> **Given data**:
===============

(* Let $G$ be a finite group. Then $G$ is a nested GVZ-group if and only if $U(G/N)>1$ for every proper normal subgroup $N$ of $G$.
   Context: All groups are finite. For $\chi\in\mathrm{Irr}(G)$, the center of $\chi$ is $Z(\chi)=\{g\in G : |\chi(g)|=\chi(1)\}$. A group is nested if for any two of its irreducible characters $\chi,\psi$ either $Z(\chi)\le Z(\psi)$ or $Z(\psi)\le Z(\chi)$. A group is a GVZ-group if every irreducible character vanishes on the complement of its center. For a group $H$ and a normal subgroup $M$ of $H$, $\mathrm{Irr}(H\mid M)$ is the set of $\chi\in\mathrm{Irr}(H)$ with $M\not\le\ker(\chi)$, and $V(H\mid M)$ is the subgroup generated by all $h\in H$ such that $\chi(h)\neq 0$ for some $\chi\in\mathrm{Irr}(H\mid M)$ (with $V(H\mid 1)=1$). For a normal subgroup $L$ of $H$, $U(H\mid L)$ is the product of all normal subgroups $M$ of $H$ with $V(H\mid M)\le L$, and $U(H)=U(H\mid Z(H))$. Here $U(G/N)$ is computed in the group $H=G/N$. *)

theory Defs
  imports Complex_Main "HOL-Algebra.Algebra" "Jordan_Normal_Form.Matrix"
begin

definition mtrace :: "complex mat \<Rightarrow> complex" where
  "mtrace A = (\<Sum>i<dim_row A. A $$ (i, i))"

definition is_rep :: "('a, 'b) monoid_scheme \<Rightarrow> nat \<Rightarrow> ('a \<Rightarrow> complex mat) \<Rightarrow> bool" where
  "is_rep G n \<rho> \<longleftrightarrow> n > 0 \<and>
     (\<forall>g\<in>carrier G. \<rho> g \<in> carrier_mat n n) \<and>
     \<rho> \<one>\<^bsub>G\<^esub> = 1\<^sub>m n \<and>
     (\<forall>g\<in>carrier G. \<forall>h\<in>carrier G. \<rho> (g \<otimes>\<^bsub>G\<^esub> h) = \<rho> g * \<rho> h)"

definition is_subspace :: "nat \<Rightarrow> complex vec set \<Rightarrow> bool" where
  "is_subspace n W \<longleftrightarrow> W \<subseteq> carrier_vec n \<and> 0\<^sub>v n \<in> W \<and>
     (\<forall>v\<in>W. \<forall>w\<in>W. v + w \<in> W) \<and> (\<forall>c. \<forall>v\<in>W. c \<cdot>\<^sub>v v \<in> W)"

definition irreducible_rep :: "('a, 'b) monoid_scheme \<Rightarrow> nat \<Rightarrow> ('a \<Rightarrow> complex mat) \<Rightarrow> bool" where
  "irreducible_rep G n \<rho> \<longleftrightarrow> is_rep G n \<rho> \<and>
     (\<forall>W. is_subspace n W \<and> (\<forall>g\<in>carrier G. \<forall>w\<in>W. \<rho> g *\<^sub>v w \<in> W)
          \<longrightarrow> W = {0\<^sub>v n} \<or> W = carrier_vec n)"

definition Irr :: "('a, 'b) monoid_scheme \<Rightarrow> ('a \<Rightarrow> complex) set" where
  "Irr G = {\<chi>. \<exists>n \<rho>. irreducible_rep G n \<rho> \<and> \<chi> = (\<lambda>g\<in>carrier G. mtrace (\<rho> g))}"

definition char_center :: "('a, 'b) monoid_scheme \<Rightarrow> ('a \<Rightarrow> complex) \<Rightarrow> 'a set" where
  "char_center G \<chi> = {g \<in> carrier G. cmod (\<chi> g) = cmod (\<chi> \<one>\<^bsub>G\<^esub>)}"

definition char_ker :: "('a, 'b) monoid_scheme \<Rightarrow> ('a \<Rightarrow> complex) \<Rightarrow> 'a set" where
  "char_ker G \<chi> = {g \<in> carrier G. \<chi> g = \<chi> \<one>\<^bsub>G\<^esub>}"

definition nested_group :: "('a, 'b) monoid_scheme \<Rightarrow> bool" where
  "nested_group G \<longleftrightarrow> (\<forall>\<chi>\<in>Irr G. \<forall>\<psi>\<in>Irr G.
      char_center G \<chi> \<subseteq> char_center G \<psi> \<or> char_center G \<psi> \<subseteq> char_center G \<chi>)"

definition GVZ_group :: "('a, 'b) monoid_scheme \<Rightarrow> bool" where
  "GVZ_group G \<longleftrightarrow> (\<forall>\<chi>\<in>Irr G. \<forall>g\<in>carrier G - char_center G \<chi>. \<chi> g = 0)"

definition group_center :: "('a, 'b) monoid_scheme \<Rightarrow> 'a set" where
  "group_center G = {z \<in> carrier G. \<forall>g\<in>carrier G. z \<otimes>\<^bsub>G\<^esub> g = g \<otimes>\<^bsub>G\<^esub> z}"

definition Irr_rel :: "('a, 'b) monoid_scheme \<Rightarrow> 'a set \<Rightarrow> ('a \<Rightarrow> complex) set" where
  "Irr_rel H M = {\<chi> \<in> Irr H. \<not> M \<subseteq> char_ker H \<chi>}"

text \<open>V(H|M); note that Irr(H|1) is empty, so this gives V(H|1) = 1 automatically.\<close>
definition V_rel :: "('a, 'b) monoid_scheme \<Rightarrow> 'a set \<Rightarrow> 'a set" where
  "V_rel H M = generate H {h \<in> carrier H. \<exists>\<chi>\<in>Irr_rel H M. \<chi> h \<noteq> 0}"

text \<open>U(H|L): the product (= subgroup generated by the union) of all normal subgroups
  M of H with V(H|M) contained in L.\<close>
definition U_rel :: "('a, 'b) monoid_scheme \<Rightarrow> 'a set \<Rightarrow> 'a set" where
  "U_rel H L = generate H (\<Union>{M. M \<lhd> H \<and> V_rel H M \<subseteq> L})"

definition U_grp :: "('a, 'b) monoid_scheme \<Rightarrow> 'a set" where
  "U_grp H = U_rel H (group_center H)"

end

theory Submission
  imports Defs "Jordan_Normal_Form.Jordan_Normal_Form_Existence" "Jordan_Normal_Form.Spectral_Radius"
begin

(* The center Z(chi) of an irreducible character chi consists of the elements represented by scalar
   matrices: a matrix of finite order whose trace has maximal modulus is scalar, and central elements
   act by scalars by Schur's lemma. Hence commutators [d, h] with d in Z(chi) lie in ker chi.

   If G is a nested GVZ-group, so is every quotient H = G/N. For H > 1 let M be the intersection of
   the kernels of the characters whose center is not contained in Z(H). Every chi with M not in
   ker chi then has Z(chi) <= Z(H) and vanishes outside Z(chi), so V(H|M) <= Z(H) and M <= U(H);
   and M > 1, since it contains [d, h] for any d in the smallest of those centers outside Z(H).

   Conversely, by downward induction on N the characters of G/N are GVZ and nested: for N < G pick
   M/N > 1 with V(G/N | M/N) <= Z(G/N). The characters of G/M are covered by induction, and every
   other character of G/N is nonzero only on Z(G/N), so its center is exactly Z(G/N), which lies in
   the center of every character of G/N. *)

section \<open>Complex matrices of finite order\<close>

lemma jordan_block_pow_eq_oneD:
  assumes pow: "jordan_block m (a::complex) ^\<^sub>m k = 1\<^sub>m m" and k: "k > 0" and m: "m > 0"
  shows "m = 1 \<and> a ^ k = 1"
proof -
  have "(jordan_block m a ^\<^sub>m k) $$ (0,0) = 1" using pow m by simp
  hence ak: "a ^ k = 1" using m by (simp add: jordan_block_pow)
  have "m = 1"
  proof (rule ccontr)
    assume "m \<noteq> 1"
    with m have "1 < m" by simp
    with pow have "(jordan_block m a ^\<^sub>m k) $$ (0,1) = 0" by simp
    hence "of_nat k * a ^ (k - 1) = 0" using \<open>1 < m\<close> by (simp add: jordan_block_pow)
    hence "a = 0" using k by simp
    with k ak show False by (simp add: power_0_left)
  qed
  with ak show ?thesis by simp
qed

===============

> **Exercise details**:
Read the entries above and find each line holding the word "exists". Copy it out.

> **Output of the task**:
  "Irr G = {\<chi>. \<exists>n \<rho>. irreducible_rep G n \<rho> \<and> \<chi> = (\<lambda>g\<in>carrier G. mtrace (\<rho> g))}"
  "V_rel H M = generate H {h \<in> carrier H. \<exists>\<chi>\<in>Irr_rel H M. \<chi> h \<noteq> 0}"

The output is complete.